Caleb Anthony is brought into the world with one mother who loves him. There’s no guarantee that he will get to keep her.

Louisiana is home for the first five years of his life. Rachel works double shifts as a waitress at a Joe’s Crab Shack and a maid at a touristy hotel in downtown New Orleans. Caleb learns the sound of Louis Armstrong drifting through the night and the taste of a spicy gumbo on his tongue. His voice lilts in a Louisiana accent, dulled by his mother’s New Jersey cadence but there all the same.

On nights when his mom wasn’t working, she would read him a book and run her fingers through his too-long hair. “You need a haircut,” she teased. He just smiled and shook his head no, laughing when she tickled him hard until he was gasping for breath. She kissed his head and sang him into sleep.

On nights when his mom was working, Mrs. Owens from next door would come over and give him a cup of hot cocoa in his favorite mug. It was white with a picture of the Batman logo, cracked all along one side. “It’s a miracle this old thing doesn’t leak,” Mrs. Owens said with a shake of her head. She tucked him into bed and stayed in the kitchen until his mom got home. He sat in bed, watching the light pour in from underneath his door, until he could hear his mom’s voice.

They were dirt poor, of course. Christmases and birthdays were small little things. He got a basketball once, ate a chocolate cake that his mom made and played with the two girls down the hall. Louisiana was good to him, mostly.

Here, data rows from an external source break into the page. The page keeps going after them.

theorem proposition2p5:
  fixes S :: "'a set" and Ls :: "'a set set" and H :: "'a set"
  assumes gamma: "gamma_space S Ls"
    and veb: "veblenian S Ls"
    and thick: "\<forall>L\<in>Ls. \<exists>x y z. x \<in> L \<and> y \<in> L \<and> z \<in> L \<and> x \<noteq> y \<and> y \<noteq> z \<and> x \<noteq> z"
    and flap: "flappy S Ls H"
  shows
    "(\<forall>p1 p2 p3. p1 \<in> H \<and> p2 \<in> H \<and> p3 \<in> H \<and> p1 \<noteq> p2 \<and> p2 \<noteq> p3 \<and> p1 \<noteq> p3 \<longrightarrow>
        ((\<exists>L\<in>Ls. p1 \<in> L \<and> p2 \<in> L \<and> p3 \<in> L) \<longleftrightarrow>
         (\<exists>a1 a2 a3. a1 \<in> S - H \<and> a2 \<in> S - H \<and> a3 \<in> S - H \<and>
            a1 \<noteq> a2 \<and> a2 \<noteq> a3 \<and> a1 \<noteq> a3 \<and>
            (\<exists>L\<in>Ls. a2 \<in> L \<and> a3 \<in> L \<and> p1 \<in> L) \<and>
            (\<exists>L\<in>Ls. a1 \<in> L \<and> a3 \<in> L \<and> p2 \<in> L) \<and>
            (\<exists>L\<in>Ls. a1 \<in> L \<and> a2 \<in> L \<and> p3 \<in> L)))) \<and>
     (\<forall>L1 L2 L3. L1 \<in> Ls \<and> L2 \<in> Ls \<and> L3 \<in> Ls \<and>
        \<not> L1 \<subseteq> H \<and> \<not> L2 \<subseteq> H \<and> \<not> L3 \<subseteq> H \<and>
        inf_pt H L1 \<noteq> inf_pt H L2 \<and> inf_pt H L2 \<noteq> inf_pt H L3 \<and> inf_pt H L1 \<noteq> inf_pt H L3 \<longrightarrow>
        ((\<exists>L\<in>Ls. inf_pt H L1 \<in> L \<and> inf_pt H L2 \<in> L \<and> inf_pt H L3 \<in> L) \<longleftrightarrow>
         (\<exists>a1 a2 a3 K1 K2 K3.
            a1 \<in> S - H \<and> a2 \<in> S - H \<and> a3 \<in> S - H \<and>
            triangle (compl_lines Ls H) a1 a2 a3 \<and>
            K1 \<in> Ls \<and> K2 \<in> Ls \<and> K3 \<in> Ls \<and>
            \<not> K1 \<subseteq> H \<and> \<not> K2 \<subseteq> H \<and> \<not> K3 \<subseteq> H \<and>
            a2 \<in> K1 - H \<and> a3 \<in> K1 - H \<and>
            a1 \<in> K2 - H \<and> a3 \<in> K2 - H \<and>
            a1 \<in> K3 - H \<and> a2 \<in> K3 - H \<and>
            hpar H K1 L1 \<and> hpar H K2 L2 \<and> hpar H K3 L3)))"
proof -
  have hyp: "hyperplane S Ls H" using flap by (rule flappy_hyperplane)
  have pls: "partial_linear_space S Ls" using gamma by (rule gamma_space_partial_linear_space)
  have collinear_iff: "(\<exists>L\<in>Ls. p1 \<in> L \<and> p2 \<in> L \<and> p3 \<in> L) \<longleftrightarrow> affine_triangle_through S Ls H p1 p2 p3"
    if "p1 \<in> H" "p2 \<in> H" "p3 \<in> H" "p1 \<noteq> p2" "p2 \<noteq> p3" "p1 \<noteq> p3" for p1 p2 p3
    using collinear_imp_affine_triangle_through[OF gamma veb thick flap that]
      affine_triangle_through_imp_collinear[OF gamma veb hyp that] by blast
  show ?thesis
    unfolding affine_triangle_through_def[symmetric] parallel_affine_triangle_def[symmetric]
  proof (intro conjI allI impI; elim conjE)
    fix p1 p2 p3
    assume "p1 \<in> H" "p2 \<in> H" "p3 \<in> H" "p1 \<noteq> p2" "p2 \<noteq> p3" "p1 \<noteq> p3"
    then show "(\<exists>L\<in>Ls. p1 \<in> L \<and> p2 \<in> L \<and> p3 \<in> L) \<longleftrightarrow> affine_triangle_through S Ls H p1 p2 p3"
      by (rule collinear_iff)
  next
    fix L1 L2 L3
    assume L: "L1 \<in> Ls" "L2 \<in> Ls" "L3 \<in> Ls" "\<not> L1 \<subseteq> H" "\<not> L2 \<subseteq> H" "\<not> L3 \<subseteq> H"
      and q: "inf_pt H L1 \<noteq> inf_pt H L2" "inf_pt H L2 \<noteq> inf_pt H L3" "inf_pt H L1 \<noteq> inf_pt H L3"
    have "inf_pt H L1 \<in> H" "inf_pt H L2 \<in> H" "inf_pt H L3 \<in> H"
      using inf_pt_mem(2)[OF hyp] L by simp_all
    with q show "(\<exists>L\<in>Ls. inf_pt H L1 \<in> L \<and> inf_pt H L2 \<in> L \<and> inf_pt H L3 \<in> L) \<longleftrightarrow>
        parallel_affine_triangle S Ls H L1 L2 L3"
      using collinear_iff affine_triangle_through_inf_pt_iff[OF pls hyp L q(3)] by simp
  qed
qed

end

Rachel’s crossing the street, hand digging around in her purse for her tube of lipstick on her way home from a night shift, when she gets hit by a drunk driver. The light was flashing walk, so she did. The car wasn’t so much a car as a machine - a massive, black pickup truck that gleamed under the streetlights. The driver’s name was Toby, alcoholic for 10 years, married with kids and the like. Convicted of manslaughter and rotting in prison, Caleb hopes.

Mrs. Owens makes him another cup of cocoa, and cries into her hands. Cousins in New Jersey, the social worker said. He’s five years old and not sure about where his mom is.

“What if I take him in?” Mrs. Owens whispered to the tired young social worker. She kept wringing her hands and patting Caleb's head.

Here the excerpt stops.